> _WHAT YOU WILL DO_
Take the lines below between the one holding "eventually (\<lambda>k. cball" and the one holding "z lam. norm", inclusive, and copy them exactly. Add nothing.

[Records from a data collection]

☆ ☆ ☆

(* Let $g:\mathbb{R}^m\to\overline{\mathbb{R}}$ be a polyhedral function and $(\bar z,\bar\lambda)\in\mathrm{gph}\,\partial g$. Then: (a) there exists $r>0$ such that for all $(z,\lambda)\in(\mathrm{gph}\,\partial g)\cap\mathbb{B}_r(\bar z,\bar\lambda)$, $$K_g(z,\lambda)\subset K_g(\bar z,\bar\lambda)-K_g(\bar z,\bar\lambda)\quad\text{and}\quad K_g(\bar z,\bar\lambda)\cap -K_g(\bar z,\bar\lambda)\subset K_g(z,\lambda);$$ (b) if in addition $\bar\lambda\in\mathrm{ri}\,\partial g(\bar z)$, then there exists $r>0$ such that for all $(z,\lambda)\in(\mathrm{gph}\,\partial g)\cap\mathbb{B}_r(\bar z,\bar\lambda)$ we have $\lambda\in\mathrm{ri}\,\partial g(z)$ and $K_g(z,\lambda)=K_g(\bar z,\bar\lambda)$.
   Context: A proper function $g:\mathbb{R}^m\to\overline{\mathbb{R}}$ is polyhedral if its epigraph is a polyhedral convex set; $\partial g$ is the convex-analysis subdifferential and $\mathrm{ri}$ denotes relative interior. For $z$ with $g(z)$ finite, ${\rm d} g(z)(w)=\liminf_{t\searrow 0,\,w'\to w}\frac{g(z+tw')-g(z)}{t}$, and for $\lambda\in\partial g(z)$ the critical cone is $K_g(z,\lambda)=\{w\mid\langle\lambda,w\rangle={\rm d} g(z)(w)\}$ (equal to $N_{\partial g(z)}(\lambda)$ for convex $g$). $\mathbb{B}_r(\cdot)$ denotes a closed ball in $\mathbb{R}^m\times\mathbb{R}^m$ with the Euclidean product norm. *)

theory Defs
  imports "HOL-Analysis.Analysis"
begin

definition proper_fun :: "('a \<Rightarrow> ereal) \<Rightarrow> bool" where
  "proper_fun g \<longleftrightarrow> (\<forall>x. g x \<noteq> -\<infinity>) \<and> (\<exists>x. g x \<noteq> \<infinity>)"

definition epigraph :: "('a \<Rightarrow> ereal) \<Rightarrow> ('a \<times> real) set" where
  "epigraph g = {(x, t). g x \<le> ereal t}"

definition polyhedral_fun :: "('a::euclidean_space \<Rightarrow> ereal) \<Rightarrow> bool" where
  "polyhedral_fun g \<longleftrightarrow> proper_fun g \<and> polyhedron (epigraph g)"

definition subdiff :: "('a::real_inner \<Rightarrow> ereal) \<Rightarrow> 'a \<Rightarrow> 'a set" where
  "subdiff g z = {l. \<bar>g z\<bar> \<noteq> \<infinity> \<and> (\<forall>w. g w \<ge> g z + ereal (l \<bullet> (w - z)))}"

definition subderiv :: "('a::real_normed_vector \<Rightarrow> ereal) \<Rightarrow> 'a \<Rightarrow> 'a \<Rightarrow> ereal" where
  "subderiv g z w = Liminf (at (0, w) within ({0<..} \<times> UNIV))
      (\<lambda>(t::real, w'). (g (z + t *\<^sub>R w') - g z) / ereal t)"

definition crit_cone :: "('a::real_inner \<Rightarrow> ereal) \<Rightarrow> 'a \<Rightarrow> 'a \<Rightarrow> 'a set" where
  "crit_cone g z l = {w. ereal (l \<bullet> w) = subderiv g z w}"

end

theory Submission
  imports Defs
begin

text \<open>A polyhedral \<open>g\<close> is the maximum of finitely many affine functions \<open>a\<^sub>i \<bullet> x + b\<^sub>i\<close> on a
  polyhedron \<open>{x. c\<^sub>j \<bullet> x \<le> d\<^sub>j}\<close> and \<open>\<infinity>\<close> outside. At \<open>z\<close> everything is governed by the set
  \<open>A(z)\<close> of active pieces and the set \<open>C(z)\<close> of tight constraints: \<open>dg(z)(w)\<close> is the maximum of
  \<open>a\<^sub>i \<bullet> w\<close> over \<open>i \<in> A(z)\<close> on the tangent cone \<open>T(z) = {w. c\<^sub>j \<bullet> w \<le> 0 for j \<in> C(z)}\<close> and \<open>\<infinity>\<close>
  off it, and \<open>\<partial>g(z) = {\<lambda>. \<lambda> \<bullet> w \<le> dg(z)(w) for w \<in> T(z)}\<close>.

  Near \<open>z\<^sub>b\<close> the index sets can only shrink, so \<open>\<partial>g(z) \<subseteq> \<partial>g(z\<^sub>b)\<close>, and \<open>z - z\<^sub>b \<in> K(z\<^sub>b, \<lambda>)\<close> for
  \<open>\<lambda> \<in> \<partial>g(z)\<close>. Adding a large multiple of \<open>z - z\<^sub>b\<close> to \<open>w \<in> K(z, \<lambda>)\<close> lands in \<open>K(z\<^sub>b, \<lambda>)\<close>, and
  \<open>K(z\<^sub>b, \<lambda>) \<subseteq> K(z\<^sub>b, \<lambda>\<^sub>b)\<close> for \<open>\<lambda>\<close> near \<open>\<lambda>\<^sub>b\<close> because the epigraph of \<open>dg(z\<^sub>b)\<close> has only finitely
  many faces; this gives (a). If \<open>\<lambda>\<^sub>b \<in> ri \<partial>g(z\<^sub>b)\<close>, every \<open>a\<^sub>i\<close> with \<open>i \<in> A(z\<^sub>b)\<close> agrees with \<open>\<lambda>\<^sub>b\<close>
  and every \<open>c\<^sub>j\<close> with \<open>j \<in> C(z\<^sub>b)\<close> vanishes on \<open>K(z\<^sub>b, \<lambda>\<^sub>b)\<close>; applied to \<open>z - z\<^sub>b\<close> this forces
  \<open>A(z) = A(z\<^sub>b)\<close> and \<open>C(z) = C(z\<^sub>b)\<close>, hence \<open>\<partial>g(z) = \<partial>g(z\<^sub>b)\<close> and (b).\<close>

lemma eventually_nhds_Pair:
  assumes "eventually P (nhds a)" and "eventually Q (nhds b)"
  shows "eventually (\<lambda>(x, y). P x \<and> Q y) (nhds (a, b))"
  unfolding nhds_prod case_prod_unfold by (rule eventually_prodI[OF assms])

lemma eventually_nhds_Pair_imp_cball:
  fixes a :: "'a::metric_space" and b :: "'b::metric_space"
  assumes "eventually (\<lambda>(x, y). Q x y \<longrightarrow> P x y) (nhds (a, b))"
  shows "\<exists>r>0. \<forall>x y. (x, y) \<in> cball (a, b) r \<and> Q x y \<longrightarrow> P x y"
  using assms unfolding eventually_nhds_metric_le by (force simp: dist_commute)

lemma eventually_mem_imp_mem_closed:
  assumes "finite \<F>" and "\<And>X. X \<in> \<F> \<Longrightarrow> closed X"
  shows "eventually (\<lambda>y. \<forall>X\<in>\<F>. y \<in> X \<longrightarrow> x \<in> X) (nhds x)"
proof -
  have "eventually (\<lambda>y. y \<in> X \<longrightarrow> x \<in> X) (nhds x)" if "X \<in> \<F>" for X
  proof (cases "x \<in> X")
    case False
    then have "eventually (\<lambda>y. y \<in> - X) (nhds x)"
      using assms(2)[OF that] by (intro eventually_nhds_in_open) (auto simp: open_Compl)
    then show ?thesis by eventually_elim auto
  qed simp
  then show ?thesis using assms(1) by (intro eventually_ball_finite) auto
qed

lemma eventually_mem_rel_interior:
  fixes S :: "'a::euclidean_space set"
  assumes "x \<in> rel_interior S"
  shows "eventually (\<lambda>y. y \<in> S \<longrightarrow> y \<in> rel_interior S) (nhds x)"
proof -
  obtain U where "open U" and U: "rel_interior S = U \<inter> affine hull S"
    using openin_rel_interior[of S] unfolding openin_open by blast
  then have "eventually (\<lambda>y. y \<in> U) (nhds x)"
    using assms by (intro eventually_nhds_in_open) auto
  then show ?thesis
  proof eventually_elim
    case (elim y)
    show ?case using elim U hull_subset[of S affine] by blast
  qed
qed

lemma rel_interior_maximizer_inner_eq:
  fixes S :: "'a::euclidean_space set"
  assumes "convex S" and x: "x \<in> rel_interior S" and y: "y \<in> S" and max: "\<And>u. u \<in> S \<Longrightarrow> u \<bullet> w \<le> x \<bullet> w"
  shows "y \<bullet> w = x \<bullet> w"
proof -
  obtain e where e: "1 < e" "(1 - e) *\<^sub>R y + e *\<^sub>R x \<in> S"
    using x y convex_rel_interior_iff[OF \<open>convex S\<close>] by blast
  then have "(1 - e) * (y \<bullet> w) + e * (x \<bullet> w) \<le> x \<bullet> w" using max[of "(1 - e) *\<^sub>R y + e *\<^sub>R x"]
    by (simp add: inner_add_left)
  then have "(1 - e) * (y \<bullet> w - x \<bullet> w) \<le> 0" by (simp add: algebra_simps)
  then have "x \<bullet> w \<le> y \<bullet> w" using e(1) by (simp add: mult_le_0_iff)
  with max[OF y] show ?thesis by linarith
qed

lemma eventually_affine_le_at_top:
  fixes \<alpha> \<beta> \<gamma> :: real
  assumes "\<beta> < 0"
  shows "eventually (\<lambda>s. \<alpha> + s * \<beta> \<le> \<gamma>) at_top"
  using eventually_ge_at_top[of "(\<gamma> - \<alpha>) / \<beta>"]
proof eventually_elim
  case (elim s)
  then have "s * \<beta> \<le> \<gamma> - \<alpha>" using assms by (simp add: neg_divide_le_eq)
  then show ?case by simp
qed

lemma filterlim_ray_at_within_pos:
  "filterlim (\<lambda>t::real. (t, w)) (at (0, w) within ({0<..} \<times> UNIV)) (at_right 0)"
proof -
  have "((\<lambda>t::real. (t, w)) \<longlongrightarrow> (0, w)) (at_right 0)"
    by (intro tendsto_Pair tendsto_ident_at tendsto_const)
  moreover have "\<forall>\<^sub>F t in at_right (0::real). (t, w) \<in> {0<..} \<times> UNIV \<and> (t, w) \<noteq> (0, w)"
    unfolding eventually_at_filter by (intro always_eventually allI impI) auto
  ultimately show ?thesis unfolding filterlim_at by blast
qed

lemma at_within_pos_neq_bot: "at (0::real, w) within ({0<..} \<times> UNIV) \<noteq> bot"
proof
  assume "at (0::real, w) within ({0<..} \<times> UNIV) = bot"
  then have "eventually (\<lambda>_. False) (at (0::real, w) within ({0<..} \<times> UNIV))" by simp
  then have "eventually (\<lambda>_. False) (at_right (0::real))"
    using filterlim_ray_at_within_pos[of w] unfolding filterlim_iff by blast
  then show False by simp
qed

lemma eventually_at_within_pos_fst: "eventually (\<lambda>p. 0 < fst p) (at (0::real, w) within ({0<..} \<times> UNIV))"
  unfolding eventually_at_filter by (intro always_eventually) auto

lemma tendsto_snd_at_within_pos: "(snd \<longlongrightarrow> w) (at (0::real, w) within ({0<..} \<times> UNIV))"
proof -
  have "(snd \<longlongrightarrow> snd (0::real, w)) (at (0::real, w) within ({0<..} \<times> UNIV))"
    by (intro tendsto_snd tendsto_ident_at)
  then show ?thesis by simp
qed

lemma Liminf_at_within_pos_le:
  fixes q :: "real \<times> 'a::real_normed_vector \<Rightarrow> 'b::complete_linorder"
  assumes "eventually (\<lambda>t. q (t, w) \<le> y) (at_right 0)"
  shows "Liminf (at (0, w) within ({0<..} \<times> UNIV)) q \<le> y"
proof (rule Liminf_least)
  fix P :: "real \<times> 'a \<Rightarrow> bool"
  assume "eventually P (at (0, w) within ({0<..} \<times> UNIV))"
  then have "eventually (\<lambda>t. P (t, w)) (at_right 0)"
    using filterlim_ray_at_within_pos unfolding filterlim_iff by blast
  then obtain t where "P (t, w)" "q (t, w) \<le> y"
    using eventually_happens'[OF trivial_limit_at_right_real eventually_conj[OF _ assms]] by blast
  then show "(INF p\<in>Collect P. q p) \<le> y" by (intro INF_lower2) auto
qed

locale max_affine_polyhedral =
  fixes I J :: "'i set"
    and a :: "'i \<Rightarrow> 'a::euclidean_space" and b :: "'i \<Rightarrow> real"
    and c :: "'i \<Rightarrow> 'a" and d :: "'i \<Rightarrow> real"
  assumes finite_I: "finite I" and I_nonempty: "I \<noteq> {}" and finite_J: "finite J"
begin

definition feasible :: "'a set" where
  "feasible = {x. \<forall>j\<in>J. c j \<bullet> x \<le> d j}"

definition pmax :: "'a \<Rightarrow> real" where
  "pmax x = Max ((\<lambda>i. a i \<bullet> x + b i) ` I)"

definition f :: "'a \<Rightarrow> ereal" where
  "f x = (if x \<in> feasible then ereal (pmax x) else \<infinity>)"

definition active :: "'a \<Rightarrow> 'i set" where
  "active z = {i\<in>I. a i \<bullet> z + b i = pmax z}"

definition tight :: "'a \<Rightarrow> 'i set" where
  "tight z = {j\<in>J. c j \<bullet> z = d j}"

definition tangent :: "'a \<Rightarrow> 'a set" where
  "tangent z = {w. \<forall>j\<in>tight z. c j \<bullet> w \<le> 0}"

definition dir_deriv :: "'a \<Rightarrow> 'a \<Rightarrow> real" where
  "dir_deriv z w = Max ((\<lambda>i. a i \<bullet> w) ` active z)"

lemma pmax_ge: "i \<in> I \<Longrightarrow> a i \<bullet> x + b i \<le> pmax x"
  unfolding pmax_def using finite_I by (intro Max_ge) auto

lemma active_subset: "active z \<subseteq> I"
  unfolding active_def by auto

lemma finite_active: "finite (active z)"
  using finite_I finite_subset[OF active_subset] by blast

lemma active_nonempty: "active z \<noteq> {}"
proof -
  have "pmax z \<in> (\<lambda>i. a i \<bullet> z + b i) ` I"
    unfolding pmax_def using finite_I I_nonempty by (intro Max_in) auto
  then show ?thesis unfolding active_def by auto
qed

lemma finite_tight: "finite (tight z)"
  using finite_J unfolding tight_def by auto

lemma dir_deriv_ge: "i \<in> active z \<Longrightarrow> a i \<bullet> w \<le> dir_deriv z w"
  unfolding dir_deriv_def using finite_active by (intro Max_ge) auto

lemma dir_deriv_attained:
  obtains i where "i \<in> active z" "a i \<bullet> w = dir_deriv z w"
proof -
  have "dir_deriv z w \<in> (\<lambda>i. a i \<bullet> w) ` active z"
    unfolding dir_deriv_def using finite_active active_nonempty by (intro Max_in) auto
  then show ?thesis using that by auto
qed

lemma dir_deriv_le:
  assumes "\<And>i. i \<in> active z \<Longrightarrow> a i \<bullet> w \<le> m"
  shows "dir_deriv z w \<le> m"
proof -
  obtain i where "i \<in> active z" "a i \<bullet> w = dir_deriv z w" by (rule dir_deriv_attained)
  then show ?thesis using assms by force
qed

lemma dir_deriv_zero [simp]: "dir_deriv z 0 = 0"
  by (metis dir_deriv_attained inner_zero_right)

lemma eventually_feasible_along_tangent:
  assumes z: "z \<in> feasible" and w: "w \<in> tangent z"
  shows "eventually (\<lambda>t. z + t *\<^sub>R w \<in> feasible) (at_right 0)"
proof -
  have "eventually (\<lambda>t. c j \<bullet> (z + t *\<^sub>R w) \<le> d j) (at_right 0)" if j: "j \<in> J" for j
  proof (cases "j \<in> tight z")
    case True
    then have cz: "c j \<bullet> z = d j" and cw: "c j \<bullet> w \<le> 0" using w unfolding tight_def tangent_def by auto
    show ?thesis using eventually_at_right_less[of 0]
      by (rule eventually_mono) (simp add: inner_add_right cz cw mult_nonneg_nonpos)
  next
    case False
    then have "c j \<bullet> z < d j" using z j unfolding tight_def feasible_def by force
    moreover have "((\<lambda>t. c j \<bullet> z + t * (c j \<bullet> w)) \<longlongrightarrow> c j \<bullet> z + 0 * (c j \<bullet> w)) (at_right 0)"
      by (intro tendsto_intros)
    ultimately have "eventually (\<lambda>t. c j \<bullet> z + t * (c j \<bullet> w) < d j) (at_right 0)"
      by (intro order_tendstoD) auto
    then show ?thesis by eventually_elim (auto simp: inner_add_right)
  qed
  then have "eventually (\<lambda>t. \<forall>j\<in>J. c j \<bullet> (z + t *\<^sub>R w) \<le> d j) (at_right 0)"
    using finite_J by (intro eventually_ball_finite) auto
  then show ?thesis by (rule eventually_mono) (simp add: feasible_def)
qed
lemma dir_normal_preimage_multiplier:
  fixes g :: "real^'n \<Rightarrow> real^'m" and J :: "real^'n \<Rightarrow> real^'n^'m"
  assumes deriv: "\<And>x. (g has_derivative (\<lambda>h. J x *v h)) (at x)"
    and contJ: "continuous_on UNIV J" and K: "closed K"
    and triple: "mscq_triple g K xbar d \<rho> \<delta> \<kappa>"
    and v: "v \<in> dir_normal (g -` K) xbar d"
  obtains lam where "lam \<in> dir_normal K (g xbar) (J xbar *v d)" "norm lam \<le> \<kappa> * norm v"
    "v = transpose (J xbar) *v lam"
proof -
  have \<rho>: "\<rho> > 0" and \<delta>: "\<delta> > 0" using triple by (auto simp: mscq_triple_def)
  obtain \<sigma> where \<sigma>: "\<sigma> > 0" and cballs: "\<And>t e. (\<And>k. t k > 0) \<Longrightarrow> t \<longlonglongrightarrow> 0 \<Longrightarrow> e \<longlonglongrightarrow> d \<Longrightarrow>
      eventually (\<lambda>k. cball (t k *\<^sub>R e k) (\<sigma> * t k) \<subseteq> dir_nbhd \<rho> \<delta> d) sequentially"
    using eventually_cball_subset_dir_nbhd[OF \<rho> \<delta>] by blast
  obtain t e vv where t: "\<And>k. t k > 0" "t \<longlonglongrightarrow> 0" and e: "e \<longlonglongrightarrow> d" and vv: "vv \<longlonglongrightarrow> v"
    and normal: "\<And>k. vv k \<in> frechet_normal (g -` K) (xbar + t k *\<^sub>R e k)"
    and nbhd: "\<And>k. cball (t k *\<^sub>R e k) (\<sigma> * t k) \<subseteq> dir_nbhd \<rho> \<delta> d"
    using dir_normal_seqE[where P = "\<lambda>s w. cball (s *\<^sub>R w) (\<sigma> * s) \<subseteq> dir_nbhd \<rho> \<delta> d", OF v cballs]
    by blast
  define \<epsilon> where "\<epsilon> k = inverse (real (Suc k))" for k
  have "\<exists>y z lam. norm (y - (xbar + t k *\<^sub>R e k)) < \<epsilon> k * t k
      \<and> dist (g y) z \<le> dist (g y) (g (xbar + t k *\<^sub>R e k)) \<and> lam \<in> frechet_normal K z
      \<and> norm lam \<le> (\<epsilon> k + norm (vv k)) * \<kappa> \<and> norm (vv k - transpose (J y) *v lam) \<le> 4 * \<epsilon> k" for k
    using mscq_triple_fuzzy_multiplier[OF deriv K triple nbhd t(1) \<sigma> _ normal, of "\<epsilon> k"]
    by (metis \<epsilon>_def inverse_positive_iff_positive of_nat_0_less_iff zero_less_Suc)
  then obtain y z lam where y: "\<And>k. norm (y k - (xbar + t k *\<^sub>R e k)) < \<epsilon> k * t k"
    and z: "\<And>k. dist (g (y k)) (z k) \<le> dist (g (y k)) (g (xbar + t k *\<^sub>R e k))"
    and lam: "\<And>k. lam k \<in> frechet_normal K (z k)" "\<And>k. norm (lam k) \<le> (\<epsilon> k + norm (vv k)) * \<kappa>"
    and residual: "\<And>k. norm (vv k - transpose (J (y k)) *v lam k) \<le> 4 * \<epsilon> k"
    by metis
  have \<epsilon>_lim: "\<epsilon> \<longlonglongrightarrow> 0" unfolding \<epsilon>_def by (rule LIMSEQ_inverse_real_of_nat)
  have y_dir: "(\<lambda>k. (y k - xbar) /\<^sub>R t k) \<longlonglongrightarrow> d"
    using tendsto_direction_of_close_points[OF t(1) e \<epsilon>_lim] y by (simp add: less_imp_le)
  have "(\<lambda>k. 4 * \<epsilon> k) \<longlonglongrightarrow> 0" using tendsto_mult_right_zero[OF \<epsilon>_lim] .
  then have residual_lim: "(\<lambda>k. vv k - transpose (J (y k)) *v lam k) \<longlonglongrightarrow> 0"
    by (rule Lim_null_comparison[OF always_eventually[OF allI[OF residual]]])
  have "(\<lambda>k. (\<epsilon> k + norm (vv k)) * \<kappa>) \<longlonglongrightarrow> (0 + norm v) * \<kappa>"
    by (intro tendsto_intros \<epsilon>_lim vv)
  then have bound_lim: "(\<lambda>k. (\<epsilon> k + norm (vv k)) * \<kappa>) \<longlonglongrightarrow> \<kappa> * norm v"
    by (simp add: mult.commute)
  show ?thesis
    by (rule dir_normal_multiplier_limit[OF deriv contJ t e y_dir z lam bound_lim vv residual_lim that])
qed

lemma dir_normal_preimage_multiplier_above_modulus:
  fixes g :: "real^'n \<Rightarrow> real^'m" and J :: "real^'n \<Rightarrow> real^'n^'m"
  assumes deriv: "\<And>x. (g has_derivative (\<lambda>h. J x *v h)) (at x)"
    and contJ: "continuous_on UNIV J" and K: "closed K"
    and mscq: "mscq_dir g K xbar d" and c: "mscq_modulus g K xbar d < c"
    and v: "v \<in> dir_normal (g -` K) xbar d"
  obtains lam where "lam \<in> dir_normal K (g xbar) (J xbar *v d)" "norm lam \<le> c * norm v"
    "v = transpose (J xbar) *v lam"
proof -
  have "{\<kappa>. \<exists>\<rho> \<delta>. mscq_triple g K xbar d \<rho> \<delta> \<kappa>} \<noteq> {}"
    using mscq by (auto simp: mscq_dir_def)
  from cInf_lessD[OF this c[unfolded mscq_modulus_def]]
  obtain \<rho> \<delta> \<kappa> where triple: "mscq_triple g K xbar d \<rho> \<delta> \<kappa>" and "\<kappa> < c"
    by blast
  obtain lam where "lam \<in> dir_normal K (g xbar) (J xbar *v d)" "norm lam \<le> \<kappa> * norm v"
    "v = transpose (J xbar) *v lam"
    by (rule dir_normal_preimage_multiplier[OF deriv contJ K triple v])
  moreover have "\<kappa> * norm v \<le> c * norm v" using \<open>\<kappa> < c\<close> by (simp add: mult_right_mono)
  ultimately show ?thesis using that by force
qed

theorem lemma2p6:
  fixes g :: "real^'n \<Rightarrow> real^'m"
    and J :: "real^'n \<Rightarrow> real^'n^'m"
    and K :: "(real^'m) set"
    and xbar d :: "real^'n"
    and \<kappa> :: real
  assumes deriv: "\<And>x. (g has_derivative (\<lambda>h. J x *v h)) (at x)"
    and contJ: "continuous_on UNIV J"
    and closedK: "closed K"
    and xbar: "xbar \<in> g -` K"
    and mscq: "mscq_dir g K xbar d"
    and kappa: "\<kappa> = mscq_modulus g K xbar d"
  shows "dir_normal (g -` K) xbar d \<subseteq>
     {v. \<exists>lam. lam \<in> dir_normal K (g xbar) (J xbar *v d) \<and> norm lam \<le> \<kappa> * norm v
            \<and> v = transpose (J xbar) *v lam}"
proof
  fix v assume v: "v \<in> dir_normal (g -` K) xbar d"
  have "\<exists>lam. lam \<in> dir_normal K (g xbar) (J xbar *v d)
      \<and> norm lam \<le> (\<kappa> + inverse (real (Suc j))) * norm v \<and> v = transpose (J xbar) *v lam" for j
    by (rule dir_normal_preimage_multiplier_above_modulus[OF deriv contJ closedK mscq _ v,
          where c = "\<kappa> + inverse (real (Suc j))"]) (use kappa in auto)
  then obtain lam where lam: "\<And>j. lam j \<in> dir_normal K (g xbar) (J xbar *v d)"
    "\<And>j. norm (lam j) \<le> (\<kappa> + inverse (real (Suc j))) * norm v" "\<And>j. v = transpose (J xbar) *v lam j"
    by metis
  have bound_lim: "(\<lambda>j. (\<kappa> + inverse (real (Suc j))) * norm v) \<longlonglongrightarrow> \<kappa> * norm v"
    by (intro tendsto_intros LIMSEQ_inverse_real_of_nat_add)
  have residual_lim: "(\<lambda>j. v - transpose (J xbar) *v lam j) \<longlonglongrightarrow> 0"
    using lam(3) by simp
  obtain r l where l: "(lam \<circ> r) \<longlonglongrightarrow> l" and "norm l \<le> \<kappa> * norm v" "v = transpose (J xbar) *v l"
    by (rule multiplier_subseq_limit[OF lam(2) bound_lim tendsto_const tendsto_const residual_lim])
  moreover have "l \<in> dir_normal K (g xbar) (J xbar *v d)"
    by (rule closed_sequentially[OF closed_dir_normal _ l]) (simp add: lam(1))
  ultimately show "v \<in> {v. \<exists>lam. lam \<in> dir_normal K (g xbar) (J xbar *v d) \<and> norm lam \<le> \<kappa> * norm v
            \<and> v = transpose (J xbar) *v lam}"
    by blast
qed

end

☆ ☆ ☆

> _TASK RESPONSE_
      eventually (\<lambda>k. cball (t k *\<^sub>R e k) (\<sigma> * t k) \<subseteq> dir_nbhd \<rho> \<delta> d) sequentially"
    using eventually_cball_subset_dir_nbhd[OF \<rho> \<delta>] by blast
  obtain t e vv where t: "\<And>k. t k > 0" "t \<longlonglongrightarrow> 0" and e: "e \<longlonglongrightarrow> d" and vv: "vv \<longlonglongrightarrow> v"
    and normal: "\<And>k. vv k \<in> frechet_normal (g -` K) (xbar + t k *\<^sub>R e k)"
    and nbhd: "\<And>k. cball (t k *\<^sub>R e k) (\<sigma> * t k) \<subseteq> dir_nbhd \<rho> \<delta> d"
    using dir_normal_seqE[where P = "\<lambda>s w. cball (s *\<^sub>R w) (\<sigma> * s) \<subseteq> dir_nbhd \<rho> \<delta> d", OF v cballs]
    by blast
  define \<epsilon> where "\<epsilon> k = inverse (real (Suc k))" for k
  have "\<exists>y z lam. norm (y - (xbar + t k *\<^sub>R e k)) < \<epsilon> k * t k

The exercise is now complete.